From "The Coronavirus Crisis Reveals New York at Its Best and Worst/In a time of containment, the city searches for a way forward" by Adam Gopnik (in The New Yorker).
Here's "The Plague" by Albert Camus, in case you don't already have it and you want to read/reread it. I just put it in my Kindle (though I have read it twice, quite a while back, including that time in high school French class).

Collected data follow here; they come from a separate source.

lemma clab_tgt_eq:
  assumes a1: "a1 \<in> gcells K (Suc m)" and a2: "a2 \<in> gcells K (Suc m)"
    and cp: "gtgt K (Suc m) a1 = gsrc K (Suc m) a2"
  shows "gtgt (Tg n K) (Suc m) (clab (Suc m) m a1 a2) = etaT K m (gtgt K (Suc m) a2)"
proof -
  let ?eta = "\<lambda>c. if last c = 0 then isrc K m (m - (length c - 1)) (gtgt K (Suc m) a2)
                  else itgt K m (m - (length c - 1)) (gtgt K (Suc m) a2)"
  have below: "lab (Suc m) m a1 a2 c = ?eta c" if "c \<in> allpos (globe m)" "length c \<noteq> Suc m" for c
  proof -
    from that obtain e where ce: "c \<in> pos (globe m) e" by (auto simp: allpos_def)
    with that(2) have e: "e < m" and lc: "length c = Suc e"
      using pos_len by (fastforce simp: pos_globe split: if_splits)+
    have "isrc K m (m - e) (gtgt K (Suc m) a2) = isrc K m (m - e) (gsrc K (Suc m) a2)"
      "itgt K m (m - e) (gsrc K (Suc m) a2) = itgt K m (m - e) (gtgt K (Suc m) a2)"
      using iter_bnd_src_tgt[OF a2, of "m - e"] e by simp_all
    then show ?thesis using lab_via_tgt[OF a1 a2 lc e] lab_globe[OF ce] cp lc by simp
  qed
  have top: "tgt_pos (cshape (Suc m) m) c \<in> allpos (cshape (Suc m) m) \<and>
      lab (Suc m) m a1 a2 (tgt_pos (cshape (Suc m) m) c) = ?eta c"
    if "c \<in> allpos (globe m)" "length c = Suc m" for c
  proof -
    from that obtain e where "c \<in> pos (globe m) e" by (auto simp: allpos_def)
    with that(2) have c: "c = replicate m 0 @ [0]" using pos_len by (fastforce simp: pos_globe split: if_splits)
    show ?thesis unfolding c tgt_pos_cshape_eq(1) using tgt_pos_cshape_eq(2) pos_allpos
      by (auto simp: lab_def pick_def)
  qed
  show ?thesis unfolding clab_def etaT_def using trunc_cshape_eq below top
    by (intro Tg_tgt_restrict) auto
qed

lemma comp_bnd_lt:
  assumes cp: "composable (Suc m) p a1 a2" and p: "p < m"
  shows "gsrc K (Suc m) (comp (Suc m) p a1 a2) = comp m p (gsrc K (Suc m) a1) (gsrc K (Suc m) a2)"
    "gtgt K (Suc m) (comp (Suc m) p a1 a2) = comp m p (gtgt K (Suc m) a1) (gtgt K (Suc m) a2)"
proof -
  have a1: "a1 \<in> gcells K (Suc m)" and a2: "a2 \<in> gcells K (Suc m)" and mn: "Suc m \<le> n"
    using cp cell_dim by (auto simp: composable_def)
  note x = mult_arg_cell[OF cp]
  show "gsrc K (Suc m) (comp (Suc m) p a1 a2) = comp m p (gsrc K (Suc m) a1) (gsrc K (Suc m) a2)"
    using mult_bnd(1)[OF x mn] sig_bnd(1)[of p m] p mn clab_src_lt[OF a1 a2 p] by (simp add: comp_def)
  show "gtgt K (Suc m) (comp (Suc m) p a1 a2) = comp m p (gtgt K (Suc m) a1) (gtgt K (Suc m) a2)"
    using mult_bnd(2)[OF x mn] sig_bnd(2)[of p m] p mn clab_tgt_lt[OF a1 a2 p] by (simp add: comp_def)
qed

lemma comp_bnd_eq:
  assumes cp: "composable (Suc m) m a1 a2"
  shows "gsrc K (Suc m) (comp (Suc m) m a1 a2) = gsrc K (Suc m) a1"
    "gtgt K (Suc m) (comp (Suc m) m a1 a2) = gtgt K (Suc m) a2"
proof -
  have a1: "a1 \<in> gcells K (Suc m)" and a2: "a2 \<in> gcells K (Suc m)" and mn: "Suc m \<le> n"
    and mid: "gtgt K (Suc m) a1 = gsrc K (Suc m) a2"
    using cp cell_dim by (auto simp: composable_def)
  have bnd: "gsrc K (Suc m) a1 \<in> gcells K m" "gtgt K (Suc m) a2 \<in> gcells K m"
    using bnd_cell[OF a1] bnd_cell[OF a2] by auto
  note x = mult_arg_cell[OF cp]
  have sig: "gsrc K (Suc m) (sig (Suc m) (beta n (Suc m) m)) = eK m ()"
    "gtgt K (Suc m) (sig (Suc m) (beta n (Suc m) m)) = eK m ()"
    using sig_bnd[of m m] sig_unit[of m] mn by simp_all
  show "gsrc K (Suc m) (comp (Suc m) m a1 a2) = gsrc K (Suc m) a1"
    using mult_bnd(1)[OF x mn] sig clab_src_eq[OF a1 a2] left_unit[OF _ bnd(1)] mn
    by (simp add: comp_def)
  show "gtgt K (Suc m) (comp (Suc m) m a1 a2) = gtgt K (Suc m) a2"
    using mult_bnd(2)[OF x mn] sig clab_tgt_eq[OF a1 a2 mid] left_unit[OF _ bnd(2)] mn
    by (simp add: comp_def)
qed

lemma composable_bnd:
  assumes c: "composable (Suc m) p a1 a2" and p: "p < m"
  shows "composable m p (gsrc K (Suc m) a1) (gsrc K (Suc m) a2)"
    "composable m p (gtgt K (Suc m) a1) (gtgt K (Suc m) a2)"
proof -
  have a1: "a1 \<in> gcells K (Suc m)" and a2: "a2 \<in> gcells K (Suc m)"
    and cp: "itgt K (Suc m) (Suc (m - p)) a1 = isrc K (Suc m) (Suc (m - p)) a2"
    using c p unfolding composable_def by (auto simp: Suc_diff_le)
  have m2: "2 \<le> Suc m" and j: "1 \<le> m - p" using p by auto
  note g1 = iter_bnd_src_tgt[OF a1 m2 j] and g2 = iter_bnd_src_tgt[OF a2 m2 j]
  show "composable m p (gsrc K (Suc m) a1) (gsrc K (Suc m) a2)"
    "composable m p (gtgt K (Suc m) a1) (gtgt K (Suc m) a2)"
    using cp g1 g2 bnd_cell[OF a1] bnd_cell[OF a2] p
    unfolding composable_def itgt_Suc_inner isrc_Suc_inner by simp_all
qed

lemma comp_iter_bnd:
  "composable m p a1 a2 \<Longrightarrow> isrc K m (m-p) (comp m p a1 a2) = isrc K m (m-p) a1 \<and>
                       itgt K m (m-p) (comp m p a1 a2) = itgt K m (m-p) a2"
proof (induction m arbitrary: a1 a2)
  case 0 then show ?case by (simp add: composable_def)
next
  case (Suc m)
  have p: "p < Suc m" using Suc.prems by (simp add: composable_def)
  show ?case
  proof (cases "p = m")
    case True
    then show ?thesis using comp_bnd_eq[OF Suc.prems[unfolded True]] by simp
  next
    case False
    then have pl: "p < m" using p by simp
    have e: "Suc m - p = Suc (m - p)" using pl by simp
    show ?thesis unfolding e isrc_Suc_inner itgt_Suc_inner
      using comp_bnd_lt[OF Suc.prems pl] Suc.IH[OF composable_bnd(1)[OF Suc.prems pl]]
        Suc.IH[OF composable_bnd(2)[OF Suc.prems pl]] by simp
  qed
qed

end

section \<open>Contractible collections: degenerate and connecting cells\<close>

locale contractible = collection +
  fixes gam :: "nat \<Rightarrow> t1cell \<Rightarrow> 'a \<times> 'a \<Rightarrow> 'a"
  assumes con: "contraction n K k gam"
begin

lemma contr_cell:
  assumes mn: "Suc m \<le> n"
    and u: "u \<in> gcells K m" "shape m u = t" and v: "v \<in> gcells K m" "shape m v = t"
    and par: "parallel K m u v"
  shows "gam (Suc m) (t, \<lambda>_. ()) (u, v) \<in> gcells K (Suc m) \<and>
         shape (Suc m) (gam (Suc m) (t, \<lambda>_. ()) (u, v)) = t \<and>
         gsrc K (Suc m) (gam (Suc m) (t, \<lambda>_. ()) (u, v)) = u \<and>
         gtgt K (Suc m) (gam (Suc m) (t, \<lambda>_. ()) (u, v)) = v"
proof -
  have ku: "k m u = (t, \<lambda>_. ())" "k m v = (t, \<lambda>_. ())" and ht: "hle m t"
    using k_shape u v by auto
  have al: "(t, \<lambda>_. ()) \<in> gcells (T1 n) m" using T1_cells[of m n] mn ht by auto
  have "(u, v) \<in> Cset n K k (Suc m) (tid (t, \<lambda>_. ()))"
    using u v ku par trunc_hle[OF ht]
    unfolding Cset_def tid_def fib_def parallel_def by (auto simp: T1_src T1_tgt)
  then have "gam (Suc m) (t, \<lambda>_. ()) (u, v) \<in> fib K k (Suc m) (tid (t, \<lambda>_. ())) \<and>
      gsrc K (Suc m) (gam (Suc m) (t, \<lambda>_. ()) (u, v)) = u \<and>
      gtgt K (Suc m) (gam (Suc m) (t, \<lambda>_. ()) (u, v)) = v"
    using con al mn unfolding contraction_def by (metis diff_Suc_1 fst_conv le_add1 plus_1_eq_Suc snd_conv)
  then show ?thesis by (auto simp: fib_def tid_def shape_def)
qed

fun degen :: "nat \<Rightarrow> nat \<Rightarrow> 'a \<Rightarrow> 'a" where
  "degen i 0 a = a"
| "degen i (Suc j) a = gam (Suc (i + j)) (shape i a, \<lambda>_. ()) (degen i j a, degen i j a)"

lemma degen_props:
  assumes a: "a \<in> gcells K i" and ij: "i + j \<le> n"
  shows "degen i j a \<in> gcells K (i + j) \<and> shape (i + j) (degen i j a) = shape i a \<and>
         isrc K (i + j) j (degen i j a) = a \<and> itgt K (i + j) j (degen i j a) = a"
  using ij
proof (induction j)
  case 0 then show ?case using a by simp
next
  case (Suc j)
  then have IH: "degen i j a \<in> gcells K (i + j)" "shape (i + j) (degen i j a) = shape i a"
     "isrc K (i + j) j (degen i j a) = a" "itgt K (i + j) j (degen i j a) = a" by auto
  have "degen i (Suc j) a \<in> gcells K (Suc (i + j)) \<and> shape (Suc (i + j)) (degen i (Suc j) a) = shape i a \<and>
        gsrc K (Suc (i + j)) (degen i (Suc j) a) = degen i j a \<and>
        gtgt K (Suc (i + j)) (degen i (Suc j) a) = degen i j a"
    using contr_cell[of "i + j" "degen i j a" "shape i a" "degen i j a"] Suc.prems IH
    by (simp add: parallel_def)
  then show ?case using IH by (simp del: isrc.simps(2) itgt.simps(2) add: isrc_Suc_inner itgt_Suc_inner)
qed
definition weakly_seq_lsc_around :: "('a::real_inner \<Rightarrow> ereal) \<Rightarrow> 'a \<Rightarrow> bool" where
  "weakly_seq_lsc_around f x \<longleftrightarrow> (\<exists>W. open W \<and> x \<in> W \<and> (\<forall>y\<in>W. weakly_seq_lsc_at f y))"

definition eps_subdiff :: "('a::real_inner \<Rightarrow> ereal) \<Rightarrow> real \<Rightarrow> 'a \<Rightarrow> 'a set" where
  "eps_subdiff f \<epsilon> x = {v. \<bar>f x\<bar> \<noteq> \<infinity> \<and>
      Liminf (at x) (\<lambda>y. (f y - f x - ereal (inner v (y - x))) / ereal (norm (y - x)))
        \<ge> - ereal \<epsilon>}"

definition lim_subdiff :: "('a::real_inner \<Rightarrow> ereal) \<Rightarrow> 'a \<Rightarrow> 'a set" where
  "lim_subdiff f x = {v. \<exists>(eps::nat \<Rightarrow> real) xs vs.
      decseq eps \<and> eps \<longlonglongrightarrow> 0 \<and>
      xs \<longlonglongrightarrow> x \<and> (\<lambda>k. f (xs k)) \<longlonglongrightarrow> f x \<and>
      (\<forall>k. vs k \<in> eps_subdiff f (eps k) (xs k)) \<and> weak_conv vs v}"

definition econvex_on :: "'a::real_vector set \<Rightarrow> ('a \<Rightarrow> ereal) \<Rightarrow> bool" where
  "econvex_on S f \<longleftrightarrow> convex S \<and>
     (\<forall>x\<in>S. \<forall>y\<in>S. \<forall>t::real. 0 < t \<and> t < 1 \<longrightarrow>
        f ((1 - t) *\<^sub>R x + t *\<^sub>R y) \<le> ereal (1 - t) * f x + ereal t * f y)"

definition restr :: "'a set \<Rightarrow> ('a \<Rightarrow> ereal) \<Rightarrow> 'a \<Rightarrow> ereal" where
  "restr U g = (\<lambda>y. if y \<in> U then g y else \<infinity>)"

definition var_convex :: "('a::real_inner \<Rightarrow> ereal) \<Rightarrow> 'a \<Rightarrow> 'a \<Rightarrow> bool" where
  "var_convex f xb vb \<longleftrightarrow>
    (\<exists>U V g \<epsilon>. open U \<and> convex U \<and> xb \<in> U \<and> open V \<and> convex V \<and> vb \<in> V \<and>
       \<epsilon> > 0 \<and>
       econvex_on U g \<and> (\<forall>x\<in>U. lsc_pt (restr U g) x) \<and> (\<forall>x\<in>U. g x \<le> f x) \<and>
       (\<forall>x v. (x \<in> U \<and> f x < f xb + ereal \<epsilon> \<and> v \<in> V \<and> v \<in> lim_subdiff f x)
           \<longleftrightarrow> (x \<in> U \<and> v \<in> V \<and> v \<in> lim_subdiff (restr U g) x)) \<and>
       (\<forall>x v. x \<in> U \<and> f x < f xb + ereal \<epsilon> \<and> v \<in> V \<and> v \<in> lim_subdiff f x
           \<longrightarrow> f x = g x))"

definition moreau_env :: "real \<Rightarrow> ('a::real_normed_vector \<Rightarrow> ereal) \<Rightarrow> 'a \<Rightarrow> ereal" where
  "moreau_env lam f x = (INF w. f w + ereal (norm (w - x) ^ 2 / (2 * lam)))"

definition prox_bounded :: "('a::real_normed_vector \<Rightarrow> ereal) \<Rightarrow> bool" where
  "prox_bounded f \<longleftrightarrow> (\<exists>\<alpha> \<beta> x0. \<forall>x. f x \<ge> ereal (\<alpha> * norm (x - x0) ^ 2 + \<beta>))"

definition prox_regular :: "('a::real_inner \<Rightarrow> ereal) \<Rightarrow> 'a \<Rightarrow> 'a \<Rightarrow> bool" where
  "prox_regular f xb vb \<longleftrightarrow>
    (\<exists>\<epsilon>>0. \<exists>r\<ge>0. \<forall>x u us. norm (x - xb) \<le> \<epsilon> \<and> us \<in> lim_subdiff f u \<and>
        norm (u - xb) \<le> \<epsilon> \<and> norm (us - vb) \<le> \<epsilon> \<and> f u < f xb + ereal \<epsilon>
        \<longrightarrow> f x \<ge> f u + ereal (inner us (x - u)) - ereal (r / 2 * norm (x - u) ^ 2))"

definition locally_convex_around :: "('a::real_normed_vector \<Rightarrow> ereal) \<Rightarrow> 'a \<Rightarrow> bool" where
  "locally_convex_around f z \<longleftrightarrow> (\<exists>W. open W \<and> convex W \<and> z \<in> W \<and> econvex_on W f)"

end

theory Submission
  imports Defs
begin

text \<open>
  (i) \<Longrightarrow> (ii): a convex l.s.c. function psi below phi whose localized subgradient graph
  agrees with that of phi yields the prox-regularity inequality with r = 0. Near
  xb + lam vb the prox points of psi exist (strong convexity of the prox objective, completeness),
  have slopes (z - p)/lam near vb and therefore are prox points of phi as well, so the Moreau
  envelope of phi coincides there with the envelope of psi, which is convex.

  (ii) \<Longrightarrow> (i): for a small fixed lam, prox-regularity and prox-boundedness make every u with a
  localized subgradient us the prox point of u + lam us. Where the envelope is convex, its quadratic
  upper bound through u + lam us turns into an affine lower bound, giving the subgradient inequality
  of convex analysis on the localized graph. The supremum of these affine minorants is the convex
  function required by variational convexity; the envelope being convex, prox points exist (the
  minimizing sequences are Cauchy), and monotonicity of subgradients shows that the minorant has no
  further subgradients near (xb, vb).
\<close>

section \<open>Weak convergence, lower semicontinuity and subgradients\<close>

lemma norm_le_if_inner_bounded_on_ball:
  fixes v :: "'a::real_inner"
  assumes e: "e > 0" and bnd: "\<forall>y\<in>ball y0 e. \<bar>inner v y\<bar> \<le> n"
  shows "norm v \<le> 4 * n / e"
proof (cases "v = 0")
  case True
  have "0 \<le> n" using bnd e by (metis abs_ge_zero centre_in_ball order_trans)
  then show ?thesis using True e by simp
next
  case False
  define d where "d = (e/2) *\<^sub>R (v /\<^sub>R norm v)"
  have "y0 + d \<in> ball y0 e" using False e by (simp add: d_def dist_norm)
  then have 1: "\<bar>inner v (y0 + d)\<bar> \<le> n" using bnd by blast
  have 2: "\<bar>inner v y0\<bar> \<le> n" using bnd e by simp
  have "inner v d = (e/2) * norm v" using False
    by (simp add: d_def power2_norm_eq_inner[symmetric] power2_eq_square)
  then have "(e/2) * norm v \<le> 2 * n" using 1 2 by (simp add: inner_add_right)
  then show ?thesis using e by (simp add: field_simps)
qed
lemma L2_add:
  fixes f g :: "real^'n \<Rightarrow> 'b::euclidean_space"
  assumes "L2 \<Omega> f" "L2 \<Omega> g"
  shows "L2 \<Omega> (\<lambda>x. f x + g x)"
proof -
  have m: "set_borel_measurable lebesgue \<Omega> (\<lambda>x. f x + g x)"
    using assms by (intro set_borel_measurable_continuous_Pair[where H=plus])
      (auto simp: L2_def intro!: continuous_intros)
  have bound: "norm (f x + g x)^2 \<le> 2 * norm (f x)^2 + 2 * norm (g x)^2" for x
  proof -
    have "norm (f x + g x)^2 \<le> (norm (f x) + norm (g x))^2"
      by (simp add: norm_triangle_ineq power_mono)
    also have "\<dots> \<le> 2 * norm (f x)^2 + 2 * norm (g x)^2" by (rule square_add_le)
    finally show ?thesis .
  qed
  have "set_integrable lebesgue \<Omega> (\<lambda>x. 2 * norm (f x)^2 + 2 * norm (g x)^2)"
    using assms by (auto simp: L2_def)
  moreover have "set_borel_measurable lebesgue \<Omega> (\<lambda>x. norm (f x + g x)^2)"
    by (rule set_borel_measurable_continuous_Pair[OF m m, where H="\<lambda>a b. norm a ^ 2"])
      (auto intro!: continuous_intros)
  ultimately have "set_integrable lebesgue \<Omega> (\<lambda>x. norm (f x + g x)^2)"
    by (rule set_integrable_bound, intro AE_I2) (use bound in auto)
  then show ?thesis using m by (simp add: L2_def)
qed

lemma L2_zero: "L2 \<Omega> (\<lambda>x. 0 :: 'b::euclidean_space)"
  by (simp add: L2_def set_borel_measurable_def set_integrable_def)

lemma L2_sum:
  fixes f :: "'i \<Rightarrow> real^'n \<Rightarrow> 'b::euclidean_space"
  shows "finite I \<Longrightarrow> (\<And>i. i \<in> I \<Longrightarrow> L2 \<Omega> (f i)) \<Longrightarrow> L2 \<Omega> (\<lambda>x. \<Sum>i\<in>I. f i x)"
  by (induction I rule: finite_induct) (simp_all add: L2_zero L2_add)

lemma L2_integrable_inner:
  fixes f g :: "real^'n \<Rightarrow> 'b::euclidean_space"
  assumes "L2 \<Omega> f" "L2 \<Omega> g"
  shows "set_integrable lebesgue \<Omega> (\<lambda>x. f x \<bullet> g x)"
proof (rule set_integrable_bound[OF _ L2_measurable_inner[OF assms]])
  show "set_integrable lebesgue \<Omega> (\<lambda>x. norm (f x)^2 + norm (g x)^2)"
    using assms by (auto simp: L2_def)
  have "norm (f x \<bullet> g x) \<le> norm (norm (f x)^2 + norm (g x)^2)" for x
  proof -
    have "norm (f x \<bullet> g x) \<le> norm (f x) * norm (g x)" using Cauchy_Schwarz_ineq2 by simp
    also have "\<dots> \<le> norm (f x)^2 + norm (g x)^2"
    proof -
      have "2 * (norm (f x) * norm (g x)) \<le> norm (f x)^2 + norm (g x)^2"
        using zero_le_power2[of "norm (f x) - norm (g x)"] by (simp add: power2_diff algebra_simps)
      moreover have "0 \<le> norm (f x) * norm (g x)" by simp
      ultimately show ?thesis by linarith
    qed
    finally show ?thesis by simp
  qed
  then show "AE x in lebesgue. x \<in> \<Omega> \<longrightarrow> norm (f x \<bullet> g x) \<le> norm (norm (f x)^2 + norm (g x)^2)"
    by simp
qed

lemma l2ip_self: "l2ip \<Omega> f f = l2norm_sq \<Omega> f"
  by (simp add: l2ip_def l2norm_sq_def power2_norm_eq_inner)

lemma l2ip_commute: "l2ip \<Omega> f g = l2ip \<Omega> g f"
  by (simp add: l2ip_def inner_commute)

lemma l2ip_scaleR_right: "l2ip \<Omega> f (\<lambda>x. c *\<^sub>R g x) = c * l2ip \<Omega> f g"
  by (simp add: l2ip_def)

And here's the Giacometti sculpture I'm 99% sure Gopnik had in mind:

It's "Piazza" (a familiar sight at the Guggenheim in NYC). And here's sculptor's explanation:
"In the street people astound and interest me more than any sculpture or painting. Every second the people stream together and go apart, then they approach each other to get closer to one another. They unceasingly form and re-form living compositions in unbelievable complexity.... It’s the totality of this life that I want to reproduce in everything I do...."So Giacometti did not think his figures were — as Gopnik put it — "walking but never intersecting." Giacometti saw the figures streaming together, then going apart, then approaching again. The artist was not — as Gopnik saw it — "see[ing] what cities aren’t." That is, the writer was seeing what the sculptor was not.
Giacometti was seeing what cities are — in times of plague and normal times — a living, moving, continual coming together and moving apart. We're in an apart phase, but we are together in our hearts, and we are keeping the city — the civilization — alive.